== Data records ==
lemma has_integral_poly_phi_divided:
  assumes "\<sigma> > 0" and "poly p c = 0"
  shows "((\<lambda>x. poly p (phi \<sigma> x) / (phi \<sigma> x - c) * wt \<sigma> x)
           has_integral normal_expectation (synthetic_div p c)) {0<..}"
proof (rule has_integral_spike[OF negligible_sing _ has_integral_poly_phi[OF assms(1)]])
  fix x
  assume "x \<in> {0<..} - {phi_inv \<sigma> c}"
  then have "phi \<sigma> x \<noteq> c"
    using phi_inv_phi[OF assms(1)] by auto
  then show "poly p (phi \<sigma> x) / (phi \<sigma> x - c) * wt \<sigma> x
      = poly (synthetic_div p c) (phi \<sigma> x) * wt \<sigma> x"
    using poly_eq_times_synthetic_div[OF assms(2)] by simp
qed

lemma G_christoffel_formula:
  assumes "\<sigma> > 0" and "poly (He n) c = 0"
    and "h = normal_expectation (synthetic_div (He n) c) / poly (pderiv (He n)) c"
  shows "\<exists>I. ((\<lambda>x. G \<sigma> n x / (phi \<sigma> x - phi \<sigma> (phi_inv \<sigma> c)) * wt \<sigma> x) has_integral I) {0<..}
      \<and> h = deriv (phi \<sigma>) (phi_inv \<sigma> c) / deriv (G \<sigma> n) (phi_inv \<sigma> c) * I"
proof (intro exI conjI)
  show "((\<lambda>x. G \<sigma> n x / (phi \<sigma> x - phi \<sigma> (phi_inv \<sigma> c)) * wt \<sigma> x)
      has_integral normal_expectation (synthetic_div (He n) c)) {0<..}"
    using has_integral_poly_phi_divided[OF assms(1,2)] by (simp add: G_def phi_phi_inv[OF assms(1)])
  show "h = deriv (phi \<sigma>) (phi_inv \<sigma> c) / deriv (G \<sigma> n) (phi_inv \<sigma> c)
      * normal_expectation (synthetic_div (He n) c)"
    using assms(3) by (simp add: deriv_phi_div_deriv_G[OF assms(1) phi_inv_pos[OF assms(1)]] phi_phi_inv[OF assms(1)])
qed

theorem lemma2:
  fixes \<sigma> :: real and n :: nat and z h :: "nat \<Rightarrow> real"
  assumes "\<sigma> > 0" and "n \<ge> 1"
    and roots: "z ` {1..n} = {t. poly (He n) t = 0}"
    and weights: "\<And>q :: real poly. degree q \<le> 2 * n - 1 \<Longrightarrow>
        (\<Sum>k = 1..n. h k * poly q (z k)) = integral UNIV (\<lambda>t. poly q t * ndens t)"
  shows "(\<forall>m m'. ((\<lambda>x. G \<sigma> m x * G \<sigma> m' x * wt \<sigma> x) has_integral
                       (if m = m' then fact m else 0)) {0<..})
    \<and> {x \<in> {0<..}. G \<sigma> n x = 0} = (\<lambda>k. phi_inv \<sigma> (z k)) ` {1..n}
    \<and> (\<forall>k \<in> {1..n}. \<exists>I. ((\<lambda>x. G \<sigma> n x / (phi \<sigma> x - phi \<sigma> (phi_inv \<sigma> (z k))) * wt \<sigma> x)
                              has_integral I) {0<..}
           \<and> h k = deriv (phi \<sigma>) (phi_inv \<sigma> (z k)) / deriv (G \<sigma> n) (phi_inv \<sigma> (z k)) * I)
    \<and> (\<forall>g :: real \<Rightarrow> real. (\<exists>q :: real poly. degree q \<le> 2 * n - 1
              \<and> (\<forall>t. g (phi_inv \<sigma> t) = poly q t))
         \<longrightarrow> ((\<lambda>x. g x * wt \<sigma> x) has_integral (\<Sum>k = 1..n. h k * g (phi_inv \<sigma> (z k)))) {0<..})"
proof -
  note \<sigma> = \<open>\<sigma> > 0\<close>
  have exact: "(\<Sum>k = 1..n. h k * poly q (z k)) = normal_expectation q" if "degree q \<le> 2 * n - 1" for q
    using weights[OF that] by (simp add: integral_poly_ndens)
  have nodes: "poly (He n) (z k) = 0" if "k \<in> {1..n}" for k
    using roots that by blast
  have "{x \<in> {0<..}. G \<sigma> n x = 0} = (\<lambda>k. phi_inv \<sigma> (z k)) ` {1..n}"
    using roots_poly_phi[OF \<sigma>, of "He n"] by (simp add: G_def image_image flip: roots)
  moreover have "\<exists>I. ((\<lambda>x. G \<sigma> n x / (phi \<sigma> x - phi \<sigma> (phi_inv \<sigma> (z k))) * wt \<sigma> x) has_integral I) {0<..}
      \<and> h k = deriv (phi \<sigma>) (phi_inv \<sigma> (z k)) / deriv (G \<sigma> n) (phi_inv \<sigma> (z k)) * I"
    if "k \<in> {1..n}" for k
    using G_christoffel_formula[OF \<sigma> nodes[OF that]]
      gauss_quadrature_weight[OF normal_expectation_square_pos exact degree_He nodes that] by blast
  moreover have "((\<lambda>x. g x * wt \<sigma> x) has_integral (\<Sum>k = 1..n. h k * g (phi_inv \<sigma> (z k)))) {0<..}"
    if "degree q \<le> 2 * n - 1" "\<forall>t. g (phi_inv \<sigma> t) = poly q t" for g q
    using has_integral_pullback_phi[OF \<sigma>, of g q] exact[OF that(1)] that(2) by simp
  ultimately show ?thesis
    using G_orthonormal[OF \<sigma>] by (intro conjI allI ballI impI; (elim exE conjE)?; blast)
qed

end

== Work order ==
What you give back must be the stretch above, starting at the line with "(if m = m' then" and ending at the line with "k))) * wt \<sigma> x) has_integral", copied exactly.

== Written response ==
                       (if m = m' then fact m else 0)) {0<..})
    \<and> {x \<in> {0<..}. G \<sigma> n x = 0} = (\<lambda>k. phi_inv \<sigma> (z k)) ` {1..n}
    \<and> (\<forall>k \<in> {1..n}. \<exists>I. ((\<lambda>x. G \<sigma> n x / (phi \<sigma> x - phi \<sigma> (phi_inv \<sigma> (z k))) * wt \<sigma> x)
                              has_integral I) {0<..}
           \<and> h k = deriv (phi \<sigma>) (phi_inv \<sigma> (z k)) / deriv (G \<sigma> n) (phi_inv \<sigma> (z k)) * I)
    \<and> (\<forall>g :: real \<Rightarrow> real. (\<exists>q :: real poly. degree q \<le> 2 * n - 1
              \<and> (\<forall>t. g (phi_inv \<sigma> t) = poly q t))
         \<longrightarrow> ((\<lambda>x. g x * wt \<sigma> x) has_integral (\<Sum>k = 1..n. h k * g (phi_inv \<sigma> (z k)))) {0<..})"
proof -
  note \<sigma> = \<open>\<sigma> > 0\<close>
  have exact: "(\<Sum>k = 1..n. h k * poly q (z k)) = normal_expectation q" if "degree q \<le> 2 * n - 1" for q
    using weights[OF that] by (simp add: integral_poly_ndens)
  have nodes: "poly (He n) (z k) = 0" if "k \<in> {1..n}" for k
    using roots that by blast
  have "{x \<in> {0<..}. G \<sigma> n x = 0} = (\<lambda>k. phi_inv \<sigma> (z k)) ` {1..n}"
    using roots_poly_phi[OF \<sigma>, of "He n"] by (simp add: G_def image_image flip: roots)
  moreover have "\<exists>I. ((\<lambda>x. G \<sigma> n x / (phi \<sigma> x - phi \<sigma> (phi_inv \<sigma> (z k))) * wt \<sigma> x) has_integral I) {0<..}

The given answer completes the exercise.